====== INPUT DATA

text \<open>The inversion sets of permutations are exactly the biclosed sets of pairs, and the join of
  two permutations is realised by the transitive closure of the union of their inversion sets.\<close>

definition biclosed :: "nat \<Rightarrow> (nat \<times> nat) set \<Rightarrow> bool" where
  "biclosed n T \<longleftrightarrow> T \<subseteq> pairs n \<and> trans T \<and>
     (\<forall>c d e. (c, e) \<in> T \<longrightarrow> c < d \<longrightarrow> d < e \<longrightarrow> (c, d) \<in> T \<or> (d, e) \<in> T)"

lemma invs_biclosed:
  assumes w: "w \<in> perms n"
  shows "biclosed n (invs w)"
proof -
  have d: "distinct w" and s: "set w = {1..n}" using w perms_distinct perms_set by auto
  have "invs w \<subseteq> pairs n"
    unfolding invs_eq_precedes pairs_def using precedes_in_set s by fastforce
  moreover have "trans (invs w)"
    unfolding trans_def invs_eq_precedes using precedes_trans[OF d] by auto
  moreover have "(c, d) \<in> invs w \<or> (d, e) \<in> invs w"
    if "(c, e) \<in> invs w" "c < d" "d < e" for c d e
  proof (cases "precedes w d c")
    case True
    then show ?thesis using that unfolding invs_eq_precedes by auto
  next
    case False
    have "(c, e) \<in> pairs n" using that \<open>invs w \<subseteq> pairs n\<close> by blast
    then have "c \<in> set w" "d \<in> set w" using s that by (auto simp: pairs_def)
    moreover have "precedes w e c" using that(1) unfolding invs_eq_precedes by auto
    ultimately have "precedes w e d" using False precedes_total precedes_trans[OF d] that by metis
    then show ?thesis using that unfolding invs_eq_precedes by auto
  qed
  ultimately show ?thesis unfolding biclosed_def by blast
qed

lemma invs_trans: "w \<in> perms n \<Longrightarrow> (a, b) \<in> invs w \<Longrightarrow> (b, c) \<in> invs w \<Longrightarrow> (a, c) \<in> invs w"
  using invs_biclosed unfolding biclosed_def trans_def by blast

text \<open>Each element is placed at the position given by the number of its \<open>B\<close>-predecessors.\<close>

lemma exists_list_in_order:
  assumes fin: "finite V" and irrefl: "\<And>c. \<not> B c c" and trans: "\<And>c d e. B c d \<Longrightarrow> B d e \<Longrightarrow> B c e"
    and total: "\<And>c d. c \<noteq> d \<Longrightarrow> B c d \<or> B d c"
  shows "\<exists>w. distinct w \<and> set w = V \<and> (\<forall>a b. precedes w a b \<longleftrightarrow> a \<in> V \<and> b \<in> V \<and> B a b)"
proof -
  define rank where "rank = (\<lambda>c. card {d \<in> V. B d c})"
  have rank_less: "rank c < rank d" if "c \<in> V" "B c d" for c d
  proof -
    have "{e \<in> V. B e c} \<subset> {e \<in> V. B e d}"
    proof
      show "{e \<in> V. B e c} \<subseteq> {e \<in> V. B e d}" using trans that by blast
      show "{e \<in> V. B e c} \<noteq> {e \<in> V. B e d}" using that irrefl by blast
    qed
    then show ?thesis unfolding rank_def using fin by (simp add: psubset_card_mono)
  qed
  have rank_iff: "rank c < rank d \<longleftrightarrow> B c d" if "c \<in> V" "d \<in> V" for c d
    using rank_less total that by (metis less_asym less_irrefl)
  have inj: "inj_on rank V" by (rule inj_onI) (metis total rank_less less_irrefl)
  have rank_lt: "rank c < card V" if "c \<in> V" for c
  proof -
    have "{d \<in> V. B d c} \<subseteq> V - {c}" using irrefl by auto
    then have "rank c \<le> card (V - {c})" unfolding rank_def using fin by (simp add: card_mono)
    also have "\<dots> < card V" using card_Diff1_less[OF fin that] .
    finally show ?thesis .
  qed
  have "rank ` V = {0..<card V}"
  proof (rule card_subset_eq)
    show "rank ` V \<subseteq> {0..<card V}" using rank_lt by auto
    show "card (rank ` V) = card {0..<card V}" using inj card_image by fastforce
  qed simp
  then have bij: "bij_betw rank V {0..<card V}" using inj unfolding bij_betw_def by simp
  define w where "w = map (the_inv_into V rank) [0..<card V]"
  have nth_w: "w ! rank c = c" if "c \<in> V" for c
    unfolding w_def using rank_lt[OF that] the_inv_into_f_f[OF inj that] by simp
  have d: "distinct w" and s: "set w = V"
    unfolding w_def using bij_betw_the_inv_into[OF bij]
    by (simp_all add: distinct_map bij_betw_imp_inj_on bij_betw_imp_surj_on)
  have "precedes w a b \<longleftrightarrow> a \<in> V \<and> b \<in> V \<and> B a b" for a b
  proof (cases "a \<in> V \<and> b \<in> V")
    case True
    then have "precedes w a b \<longleftrightarrow> rank a < rank b"
      using precedes_nth_iff[OF d, of "rank a" "rank b"] nth_w rank_lt unfolding w_def by simp
    then show ?thesis using rank_iff True by simp
  next
    case False
    then show ?thesis using precedes_in_set s by blast
  qed
  then show ?thesis using d s by blast
qed

lemma biclosed_realized:
  assumes bc: "biclosed n T"
  shows "\<exists>w \<in> perms n. invs w = T"
proof -
  define B where "B = (\<lambda>c d. (c < d \<and> (c, d) \<notin> T) \<or> (d < c \<and> (d, c) \<in> T))"
  have sub: "T \<subseteq> pairs n" and tr: "\<And>c d e. (c, d) \<in> T \<Longrightarrow> (d, e) \<in> T \<Longrightarrow> (c, e) \<in> T"
    and co: "\<And>c d e. (c, e) \<in> T \<Longrightarrow> c < d \<Longrightarrow> d < e \<Longrightarrow> (c, d) \<in> T \<or> (d, e) \<in> T"
    using bc unfolding biclosed_def trans_def by blast+
  have B_irrefl: "\<not> B c c" for c unfolding B_def by auto
  have B_total: "c \<noteq> d \<Longrightarrow> B c d \<or> B d c" for c d unfolding B_def by auto
  have B_trans: "B c e" if "B c d" "B d e" for c d e
  proof -
    have "c \<noteq> e" "c \<noteq> d" "d \<noteq> e" using that B_irrefl unfolding B_def by auto
    then consider "c < d" "d < e" | "c < e" "e < d" | "d < c" "c < e" | "d < e" "e < c"
      | "e < c" "c < d" | "e < d" "d < c" by (metis linorder_neqE_nat)
    then show ?thesis
    proof cases
      case 1 then show ?thesis using that co unfolding B_def by auto
    next
      case 2 then show ?thesis using that tr unfolding B_def by auto
    next
      case 3 then show ?thesis using that tr unfolding B_def by auto
    next
      case 4 then show ?thesis using that co unfolding B_def by auto
    next
      case 5 then show ?thesis using that co unfolding B_def by auto
    next
      case 6 then show ?thesis using that tr unfolding B_def by auto
    qed
  qed
  obtain w where w: "distinct w" "set w = {1..n}"
      and prec: "\<And>a b. precedes w a b \<longleftrightarrow> a \<in> {1..n} \<and> b \<in> {1..n} \<and> B a b"
    using exists_list_in_order[of "{1..n}" B] B_irrefl B_trans B_total by blast
  have "w \<in> perms n" using w distinct_card[OF w(1)] unfolding perms_def by simp
  moreover have "invs w = T"
    unfolding invs_eq_precedes prec B_def using sub unfolding pairs_def by fastforce
  ultimately show ?thesis by blast
qed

============

__PROBLEM TO SOLVE__: Identify the lines above that contain the word "metis", then copy them.

__OUTPUT OF THE EXERCISE__:
    ultimately have "precedes w e d" using False precedes_total precedes_trans[OF d] that by metis
    using rank_less total that by (metis less_asym less_irrefl)
  have inj: "inj_on rank V" by (rule inj_onI) (metis total rank_less less_irrefl)
      | "e < c" "c < d" | "e < d" "d < c" by (metis linorder_neqE_nat)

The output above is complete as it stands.